» Description of the task: Line count for "dots": give the number of lines in the records below that hold it, and nothing else.

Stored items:

================================

lemma has_exp_moments_abs:
  assumes f: "has_exp_moments M f"
  shows "has_exp_moments M (\<lambda>x. \<bar>f x\<bar>)"
  unfolding has_exp_moments_def
proof (intro conjI allI)
  have [measurable]: "f \<in> borel_measurable M" using f by (rule has_exp_moments_measurable)
  show "(\<lambda>x. \<bar>f x\<bar>) \<in> borel_measurable M" by measurable
  fix c
  have bound: "exp (c * \<bar>y\<bar>) \<le> exp (c * y) + exp (- (c * y))" for y :: real
    by (cases "0 \<le> y") (simp_all add: add_increasing add_increasing2)
  have "integrable M (\<lambda>x. exp (c * f x) + exp (- c * f x))"
    using f by (intro Bochner_Integration.integrable_add integrable_exp_moment)
  then show "integrable M (\<lambda>x. exp (c * \<bar>f x\<bar>))"
    by (rule Bochner_Integration.integrable_bound) (measurable, intro AE_I2, simp add: bound)
qed

lemma has_exp_moments_add:
  assumes f: "has_exp_moments M f" and g: "has_exp_moments M g"
  shows "has_exp_moments M (\<lambda>x. f x + g x)"
  unfolding has_exp_moments_def
proof (intro conjI allI)
  have [measurable]: "f \<in> borel_measurable M" "g \<in> borel_measurable M"
    using f g by (auto dest: has_exp_moments_measurable)
  show "(\<lambda>x. f x + g x) \<in> borel_measurable M" by measurable
  fix c
  have "integrable M (\<lambda>x. exp (2 * c * f x) + exp (2 * c * g x))"
    using f g by (intro Bochner_Integration.integrable_add integrable_exp_moment)
  then show "integrable M (\<lambda>x. exp (c * (f x + g x)))"
  proof (rule Bochner_Integration.integrable_bound)
    show "AE x in M. norm (exp (c * (f x + g x))) \<le> norm (exp (2 * c * f x) + exp (2 * c * g x))"
    proof (intro AE_I2)
      fix x
      have "2 * exp (c * f x) * exp (c * g x) \<le> (exp (c * f x))\<^sup>2 + (exp (c * g x))\<^sup>2"
        by (rule sum_squares_bound)
      moreover have "0 \<le> exp (c * f x) * exp (c * g x)" by simp
      ultimately have "exp (c * f x) * exp (c * g x) \<le> (exp (c * f x))\<^sup>2 + (exp (c * g x))\<^sup>2"
        by linarith
      then show "norm (exp (c * (f x + g x))) \<le> norm (exp (2 * c * f x) + exp (2 * c * g x))"
        by (simp add: distrib_left exp_add exp_double[symmetric] mult_ac)
    qed
  qed measurable
qed

lemma (in finite_measure) has_exp_moments_sum:
  assumes "finite I" and "\<And>i. i \<in> I \<Longrightarrow> has_exp_moments M (f i)"
  shows "has_exp_moments M (\<lambda>x. \<Sum>i\<in>I. f i x)"
  using assms
proof (induction I rule: finite_induct)
  case empty
  then show ?case by (simp add: has_exp_moments_def)
next
  case (insert i I)
  then show ?case by (simp add: has_exp_moments_add)
qed

lemma integrable_mult_exp_moment:
  assumes f: "has_exp_moments M f"
  shows "integrable M (\<lambda>x. f x * exp (c * f x))"
proof (rule Bochner_Integration.integrable_bound)
  have [measurable]: "f \<in> borel_measurable M" using f by (rule has_exp_moments_measurable)
  show "integrable M (\<lambda>x. exp ((\<bar>c\<bar> + 1) * \<bar>f x\<bar>))"
    using has_exp_moments_abs[OF f] by (rule integrable_exp_moment)
  show "(\<lambda>x. f x * exp (c * f x)) \<in> borel_measurable M" by measurable
  have "\<bar>f x * exp (c * f x)\<bar> \<le> exp ((\<bar>c\<bar> + 1) * \<bar>f x\<bar>)" for x
  proof -
    have "c * f x \<le> \<bar>c\<bar> * \<bar>f x\<bar>" by (metis abs_ge_self abs_mult)
    then have "\<bar>f x * exp (c * f x)\<bar> \<le> \<bar>f x\<bar> * exp (\<bar>c\<bar> * \<bar>f x\<bar>)"
      by (simp add: abs_mult mult_left_mono)
    also have "\<dots> \<le> exp ((\<bar>c\<bar> + 1) * \<bar>f x\<bar>)" by (rule abs_mult_exp_abs_le)
    finally show ?thesis .
  qed
  then show "AE x in M. norm (f x * exp (c * f x)) \<le> norm (exp ((\<bar>c\<bar> + 1) * \<bar>f x\<bar>))"
    by simp
qed

lemma has_field_derivative_integral_exp_moment:
  assumes f: "has_exp_moments M f"
  shows "((\<lambda>b. \<integral>x. exp (b * f x) \<partial>M) has_field_derivative (\<integral>x. f x * exp (b0 * f x) \<partial>M)) (at b0)"
  unfolding DERIV_def tendsto_at_iff_sequentially
proof (intro allI impI)
  have [measurable]: "f \<in> borel_measurable M" using f by (rule has_exp_moments_measurable)
  fix t :: "nat \<Rightarrow> real"
  assume t_ne: "\<forall>i. t i \<in> UNIV - {0}" and t_lim: "t \<longlonglongrightarrow> 0"
  have "Bseq t" using t_lim by (rule convergent_imp_Bseq[OF convergentI])
  then obtain B where B: "\<And>i. \<bar>t i\<bar> \<le> B" by (auto simp: Bseq_def)
  let ?q = "\<lambda>i x. (exp ((b0 + t i) * f x) - exp (b0 * f x)) / t i"
  have quotient_eq: "((\<lambda>s. ((\<integral>x. exp ((b0 + s) * f x) \<partial>M) - (\<integral>x. exp (b0 * f x) \<partial>M)) / s) \<circ> t) i
      = (\<integral>x. ?q i x \<partial>M)" for i
    using f by (simp add: integral_diff[symmetric] integrable_exp_moment)
  show "((\<lambda>s. ((\<integral>x. exp ((b0 + s) * f x) \<partial>M) - (\<integral>x. exp (b0 * f x) \<partial>M)) / s) \<circ> t)
      \<longlonglongrightarrow> (\<integral>x. f x * exp (b0 * f x) \<partial>M)"
    unfolding quotient_eq
  proof (rule integral_dominated_convergence[where w="\<lambda>x. exp ((\<bar>b0\<bar> + B + 1) * \<bar>f x\<bar>)"])
    show "integrable M (\<lambda>x. exp ((\<bar>b0\<bar> + B + 1) * \<bar>f x\<bar>))"
      using has_exp_moments_abs[OF f] by (rule integrable_exp_moment)
    show "AE x in M. (\<lambda>i. ?q i x) \<longlonglongrightarrow> f x * exp (b0 * f x)"
    proof (intro AE_I2)
      fix x
      have "((\<lambda>b. exp (b * f x)) has_field_derivative (f x * exp (b0 * f x))) (at b0)"
        by (auto intro!: derivative_eq_intros)
      with t_ne t_lim show "(\<lambda>i. ?q i x) \<longlonglongrightarrow> f x * exp (b0 * f x)"
        by (auto simp: DERIV_def tendsto_at_iff_sequentially o_def)
    qed
    show "AE x in M. norm (?q i x) \<le> exp ((\<bar>b0\<bar> + B + 1) * \<bar>f x\<bar>)" for i
    proof (intro AE_I2)
      fix x
      have "\<bar>?q i x\<bar> \<le> \<bar>f x\<bar> * exp ((\<bar>b0\<bar> + \<bar>t i\<bar>) * \<bar>f x\<bar>)"
        using t_ne by (intro abs_exp_difference_quotient_le) auto
      also have "\<dots> \<le> \<bar>f x\<bar> * exp ((\<bar>b0\<bar> + B) * \<bar>f x\<bar>)"
        using B[of i] by (auto intro!: mult_left_mono mult_right_mono)
      also have "\<dots> \<le> exp ((\<bar>b0\<bar> + B + 1) * \<bar>f x\<bar>)" by (rule abs_mult_exp_abs_le)
      finally show "norm (?q i x) \<le> exp ((\<bar>b0\<bar> + B + 1) * \<bar>f x\<bar>)" by simp
    qed
  qed measurable
qed

lemma (in prob_space) integral_exp_pos:
  fixes f :: "'a \<Rightarrow> real"
  assumes "integrable M (\<lambda>x. exp (f x))"
  shows "0 < (\<integral>x. exp (f x) \<partial>M)"
proof -
  have "(\<integral>x. exp (f x) \<partial>M) \<noteq> 0"
    using integral_nonneg_eq_0_iff_AE[of M "\<lambda>x. exp (f x)"] assms AE_False by auto
  then show ?thesis by (simp add: integral_nonneg_AE order_le_neq_trans)
qed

================================

» Solved exercise: 3